Do you let her come to you or do you go and pick her up?  Letting her come to you for some tasty smelly treats will build her confidence and teach her that people are nice to be around ;)
- By Teri Date 07.09.05 16:10 UTC
Hi again,

Socialising pups isn't only about handling - although that is very important - but she may be concerned about things in the environment, textures of different floor coverings, sights, smells, sounds and even vibrations of ordinary domestic equipment ;)  Is she alright with the vacuum cleaner, washing machine, dishwasher, radio, the toilet flushing, bath running, telephone (call yourself from your mobile during the day if it doesn't ring often ;) ) different channels of the TV such as music, chat shows, thrillers, western movies (LOL - you'll be amazed at the different reactions if you've not done that yet!)

Indoors, I would concentrate on splitting her socialisation into two quite separate categories, (1) where she is individually habituated to things and (2) with one of the bolder pups in the litter.   Sometimes nervousness means the quieter puppy can become overwhelmed by it's more confident siblings and other times it can be over dependent on them.  Try and establish which way (if any) she is more relaxed and confident.  If there is an obvious difference, you will know more easily how to progress.

Make sure you get them out and about too - in the garden is obvious and great for getting used to bird song, wind, people talking in other gardens, hedge cutters, lawn mowers & strimmers etc that neighbours might be using. 

There are lots of things you can do and introduce her to both individually and with a bit of moral support such as her dam or a littermate - but don't let her become completely needy of other canine company.  If you notice this is how she handles things best that's a start, but one that you have to be cautious of too.

If all of this has already been covered by you then let me know and I'll go onto the great outdoors - i.e. outside of the home & garden.  But don't want to either bore you or overwhelm you totally.

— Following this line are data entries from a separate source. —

(* Let an FTTC mechanism satisfy stepwise equal-endowment equal treatment. Then for every FEE problem, the output assignment $p$ satisfies equal-endowment no envy: for all $i,j\in I$ with $\omega_i=\omega_j$, $p_i\succsim^{sd}_i p_j$ and $p_j\succsim^{sd}_j p_i$.
   Context: Fractional endowment exchange (FEE) problem: a tuple $(I,O,\succsim_I,\omega)$ where $I$ is a finite set of agents, $O$ a finite set of objects, each agent $i$ has a complete and transitive (possibly non-strict) preference relation $\succsim_i$ over $O$ with asymmetric part $\succ_i$ and symmetric part $\sim_i$, and $\omega=(\omega_{i,o})_{i\in I,o\in O}$ is an endowment matrix with $\omega_{i,o}\in[0,1]$, $\sum_{o\in O}\omega_{i,o}\le 1$ for each $i$, and $q_o=\sum_{i\in I}\omega_{i,o}$ an integer for each $o$. An assignment is a nonnegative matrix $p=(p_{i,o})$ with $\sum_i p_{i,o}\le q_o$ for all $o$ and $\sum_o p_{i,o}\le 1$ for all $i$; $p_i=(p_{i,o})_{o\in O}$ is $i$'s lottery; $\omega_i=(\omega_{i,o})_{o\in O}$. For vectors $l,l'\in\mathbb R^O_+$, $l\succsim^{sd}_i l'$ means $\sum_{o'\succsim_i o}l_{o'}\ge\sum_{o'\succsim_i o}l'_{o'}$ for all $o\in O$. FTTC (Fractional Top Trading Cycle) on the full preference domain. Initialize $\omega(0)=\omega$, $p(0)=0$, $O(0)=O$. At step $d\ge1$ (with $O(d-1)\ne\emptyset$): (i) Labeling. Put $T_0=O(d-1)$. For $k=1,2,\dots$: let $L_k$ be the set of agents $i\notin L_1\cup\dots\cup L_{k-1}$ for which there exist $o\in T_{k-1}$ and $o'\in O\setminus(T_0\cup\dots\cup T_{k-1})$ with $p_{i,o'}(d-1)>0$ and $o\sim_i o'$; for $i\in L_k$ let $\tilde O_i(d-1)$ be the set of all such $o'$ for this $i$, and let $T_k=\bigcup_{i\in L_k}\tilde O_i(d-1)$. Stop at the first $k$ with $L_k=\emptyset$. Set $L(d-1)=\bigcup_k L_k$, $\tilde O(d-1)=\bigcup_{k\ge1}T_k$, $\overline{O}(d-1)=O(d-1)\cup\tilde O(d-1)$, and $\tilde O_i(d-1)=\emptyset$ for $i\notin L(d-1)$. (ii) Pointing. The active agents are $I(d-1)=L(d-1)\cup\{i\in I:\sum_o\omega_{i,o}(d-1)>0\}$. For $i\in I(d-1)$ let $B_i$ be the set of $\succsim_i$-maximal elements of $\overline{O}(d-1)$, let $k_i$ be the least $k\ge0$ with $B_i\cap T_k\ne\emptyset$, and let $A_i(d)=B_i\cap T_{k_i}$. (iii) Trading. The mechanism chooses (possibly depending on the history): a ratio matrix $\lambda(d)=(\lambda_{i,o}(d))_{i\in I(d-1),o\in\overline{O}(d-1)}$, nonnegative, with $\sum_{i\in I(d-1)}\lambda_{i,o}(d)=1$ for each $o\in\overline O(d-1)$, $\lambda_{i,o}(d)>0$ only if $\omega_{i,o}(d-1)>0$ (for $o\in O(d-1)$) and only if $o\in\tilde O_i(d-1)$ (for $o\in\tilde O(d-1)$); a quota matrix $\beta(d)$ on $I(d-1)\times O(d-1)$ with $0\le\beta_{i,o}(d)\le\omega_{i,o}(d-1)$; a division matrix $\gamma(d)$ on $I(d-1)\times\overline O(d-1)$, nonnegative, with $\sum_o\gamma_{i,o}(d)=1$ and $\gamma_{i,o}(d)>0$ only if $o\in A_i(d)$. Let $x^*(d)=(x^*_a(d))_{a\in I(d-1)\cup\overline O(d-1)}$ be the maximum (componentwise largest) nonnegative solution of $x_o=\sum_{i\in I(d-1)}\gamma_{i,o}(d)x_i$ for all $o\in\overline O(d-1)$ and $x_i=\sum_{o\in\overline O(d-1)}\lambda_{i,o}(d)x_o$ for all $i\in I(d-1)$, subject to $\lambda_{i,o}(d)x_o\le\beta_{i,o}(d)$ for $o\in O(d-1)$ and $\lambda_{i,o}(d)x_o\le p_{i,o}(d-1)$ for $o\in\tilde O(d-1)$. For $i\in I(d-1)$: $\omega_{i,o}(d)=\omega_{i,o}(d-1)-\lambda_{i,o}(d)x^*_o(d)$ if $o\in O(d-1)$ and $0$ otherwise; $p_{i,o}(d)=p_{i,o}(d-1)-\mathbf 1[o\in\tilde O_i(d-1)]\lambda_{i,o}(d)x^*_o(d)+\gamma_{i,o}(d)x^*_i(d)$ (with $\gamma_{i,o}(d)=0$ for $o\notin\overline O(d-1)$). For $i\notin I(d-1)$, $\omega_i(d)=\omega_i(d-1)$, $p_i(d)=p_i(d-1)$. Let $O(d)=\{o\in O(d-1):\sum_i\omega_{i,o}(d)>0\}$. If $O(d)=\emptyset$ stop and output $p(d)$; otherwise go to step $d+1$. (Standing assumption: the maximum solution exists at each step and the procedure ends after finitely many steps.) An FTTC mechanism is specified by a rule choosing $\lambda(d),\beta(d),\gamma(d)$ at every step. Stepwise equal-endowment equal treatment (stepwise EEET): at every step $d$, for all $i,j\in I(d-1)$, if $\omega_i(d-1)=\omega_j(d-1)$ then $\lambda_{i,o}(d)=\lambda_{j,o}(d)$ for all $o\in O(d-1)$. *)

theory Defs
  imports Complex_Main
begin

(* Agents have type 'i, objects type 'ob.  An FEE problem is (I, Obj, R, w):
   R i a b  means  a \<succsim>_i b ; w is the endowment matrix (zero outside I x Obj). *)

type_synonym ('i,'ob) mat = "'i \<Rightarrow> 'ob \<Rightarrow> real"
type_synonym ('i,'ob) pref = "'i \<Rightarrow> 'ob \<Rightarrow> 'ob \<Rightarrow> bool"
(* state after step d:  (\<omega>(d), p(d), Obj(d)) *)
type_synonym ('i,'ob) st = "('i,'ob) mat \<times> ('i,'ob) mat \<times> 'ob set"
(* choice at a step:  (\<lambda>(d), \<beta>(d), \<gamma>(d)) *)
type_synonym ('i,'ob) choice = "('i,'ob) mat \<times> ('i,'ob) mat \<times> ('i,'ob) mat"
(* a rule: given the problem and the history of states (\<omega>(0),p(0),Obj(0)),...,(\<omega>(d-1),p(d-1),Obj(d-1)),
   chooses the matrices used at step d *)
type_synonym ('i,'ob) rule =
  "'i set \<Rightarrow> 'ob set \<Rightarrow> ('i,'ob) pref \<Rightarrow> ('i,'ob) mat \<Rightarrow> ('i,'ob) st list \<Rightarrow> ('i,'ob) choice"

They are SUCH hard work - but so worth it!  Regards, Teri ;)
- By perrodeagua [gb] Date 07.09.05 16:39 UTC
I  had a friend who had a pup that she thought was nervous at 4 weeks old when the new owners were coming to see them.  It wouldn't go anywhere near anybody and quivered away, at 7 weeks old she was the most outgoing and took her breeder a long time to think about selling her at all.  She's in a new home now and a little horror.

It's still early days for your pup and others have said she may just seem a bit overawed by her brothers and sisters, I wouldn't start worrying yet, you'd be surprised how much they can change in a week.  Hope all goes well.
- By Trevor [gb] Date 08.09.05 05:32 UTC
We had a puppy who was just like this at 5 /6 weeks. she stayed at the back of the puppy pen and was always the last to come out for a cuddle etc. We kept her as we were worried about how she would cope and she has turned out to have the best , most laid back temperament of any dog we have owned. She is our Lily who works with me as a PAT dog with autistic youngsters, regularly represents the breed at Discover dogs , greets all visitors with gentle good humour and is simply a joy to live with( and has also won a Res CC in breed to boot :D) It could be that like Lily your pup simply has a quiet nature and is overwhelmed by her more boisterous brothers and sisters. Unfortunately Lily's mum developed epilepsy after the litter so we have never bred on from Lily and she has never had the chance to pass on her fabulous temperament. :(

Yvonne
- By minnie mouse [in] Date 10.09.05 15:17 UTC
hi all I have dediced to keep the nervous little girl puppy, she would get to stressed  out going to a new home. Thank you for all your advice i will be taking it.
- By mannyG [us] Date 10.09.05 16:48 UTC
psht
- By MINI-MEG [gb] Date 10.09.05 17:37 UTC
wat does psht mean mannyg? sorry for sounding dumb lol :)
- By mannyG [us] Date 10.09.05 22:43 UTC
I posted something innapopriate and i decided to edit it out with a "Psht" , clever huh?